TASK TO CARRY OUT => Copy out the listing beneath, missing nothing.
━━━━━ PROVIDED RECORDS ━━━━━
lemma regular_lang_singleton: "w \<in> lists S \<Longrightarrow> {w} \<in> regular_lang S"
proof (induction w)
  case Nil
  show ?case by (rule reg_eps)
next
  case (Cons x w)
  have "{x # w} = lang_conc {[x]} {w}" by (auto simp: lang_conc_def)
  then show ?case using Cons by (auto intro: reg_conc reg_letter)
qed

lemma regular_lang_UN:
  "finite I \<Longrightarrow> (\<And>i. i \<in> I \<Longrightarrow> X i \<in> regular_lang S) \<Longrightarrow> (\<Union>i\<in>I. X i) \<in> regular_lang S"
  by (induction rule: finite_induct) (auto intro: reg_empty reg_union)

lemma block_arith_prog:
  "(\<lambda>n. a @ word_pow c n @ b) ` arith_prog \<alpha> \<beta>
    = lang_conc {a @ word_pow c \<alpha>} (lang_conc (lang_star {word_pow c \<beta>}) {b})"
proof -
  have pow_eq:
    "a @ word_pow c (\<alpha> + t * \<beta>) @ b = (a @ word_pow c \<alpha>) @ word_pow (word_pow c \<beta>) t @ b" for t
    by (simp add: word_pow_add word_pow_mult)
  have "(\<lambda>n. a @ word_pow c n @ b) ` arith_prog \<alpha> \<beta>
      = range (\<lambda>t. (a @ word_pow c \<alpha>) @ word_pow (word_pow c \<beta>) t @ b)"
    unfolding arith_prog_def pow_eq[symmetric] by auto
  also have "\<dots> = lang_conc {a @ word_pow c \<alpha>} (lang_conc (lang_star {word_pow c \<beta>}) {b})"
    unfolding lang_conc_def lang_star_singleton by auto
  finally show ?thesis .
qed

lemma regular_lang_block:
  assumes "a \<in> lists S" "b \<in> lists S" "c \<in> lists S" and "fin_union_aps N"
  shows "(\<lambda>n. a @ word_pow c n @ b) ` N \<in> regular_lang S"
proof -
  from \<open>fin_union_aps N\<close> obtain F P where
    "finite F" "finite P" "N = F \<union> (\<Union>(\<alpha>, \<beta>)\<in>P. arith_prog \<alpha> \<beta>)"
    unfolding fin_union_aps_def by blast
  then have "(\<lambda>n. a @ word_pow c n @ b) ` N = (\<Union>n\<in>F. {a @ word_pow c n @ b})
      \<union> (\<Union>(\<alpha>, \<beta>)\<in>P. lang_conc {a @ word_pow c \<alpha>} (lang_conc (lang_star {word_pow c \<beta>}) {b}))"
    by (auto simp flip: block_arith_prog)
  also have "\<dots> \<in> regular_lang S"
    using assms \<open>finite F\<close> \<open>finite P\<close>
    by (intro reg_union regular_lang_UN)
      (auto intro!: reg_conc reg_star regular_lang_singleton simp: word_pow_def)
  finally show ?thesis .
qed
━━━━━
RESULT OF THE TASK =>
lemma regular_lang_singleton: "w \<in> lists S \<Longrightarrow> {w} \<in> regular_lang S"
proof (induction w)
  case Nil
  show ?case by (rule reg_eps)
next
  case (Cons x w)
  have "{x # w} = lang_conc {[x]} {w}" by (auto simp: lang_conc_def)
  then show ?case using Cons by (auto intro: reg_conc reg_letter)
qed

lemma regular_lang_UN:
  "finite I \<Longrightarrow> (\<And>i. i \<in> I \<Longrightarrow> X i \<in> regular_lang S) \<Longrightarrow> (\<Union>i\<in>I. X i) \<in> regular_lang S"
  by (induction rule: finite_induct) (auto intro: reg_empty reg_union)

lemma block_arith_prog:
  "(\<lambda>n. a @ word_pow c n @ b) ` arith_prog \<alpha> \<beta>
    = lang_conc {a @ word_pow c \<alpha>} (lang_conc (lang_star {word_pow c \<beta>}) {b})"
proof -
  have pow_eq:
    "a @ word_pow c (\<alpha> + t * \<beta>) @ b = (a @ word_pow c \<alpha>) @ word_pow (word_pow c \<beta>) t @ b" for t
    by (simp add: word_pow_add word_pow_mult)
  have "(\<lambda>n. a @ word_pow c n @ b) ` arith_prog \<alpha> \<beta>
      = range (\<lambda>t. (a @ word_pow c \<alpha>) @ word_pow (word_pow c \<beta>) t @ b)"
    unfolding arith_prog_def pow_eq[symmetric] by auto
  also have "\<dots> = lang_conc {a @ word_pow c \<alpha>} (lang_conc (lang_star {word_pow c \<beta>}) {b})"
    unfolding lang_conc_def lang_star_singleton by auto
  finally show ?thesis .
qed

lemma regular_lang_block:
  assumes "a \<in> lists S" "b \<in> lists S" "c \<in> lists S" and "fin_union_aps N"
  shows "(\<lambda>n. a @ word_pow c n @ b) ` N \<in> regular_lang S"
proof -
  from \<open>fin_union_aps N\<close> obtain F P where
    "finite F" "finite P" "N = F \<union> (\<Union>(\<alpha>, \<beta>)\<in>P. arith_prog \<alpha> \<beta>)"
    unfolding fin_union_aps_def by blast
  then have "(\<lambda>n. a @ word_pow c n @ b) ` N = (\<Union>n\<in>F. {a @ word_pow c n @ b})
      \<union> (\<Union>(\<alpha>, \<beta>)\<in>P. lang_conc {a @ word_pow c \<alpha>} (lang_conc (lang_star {word_pow c \<beta>}) {b}))"
    by (auto simp flip: block_arith_prog)
  also have "\<dots> \<in> regular_lang S"
    using assms \<open>finite F\<close> \<open>finite P\<close>
    by (intro reg_union regular_lang_UN)
      (auto intro!: reg_conc reg_star regular_lang_singleton simp: word_pow_def)
  finally show ?thesis .
qed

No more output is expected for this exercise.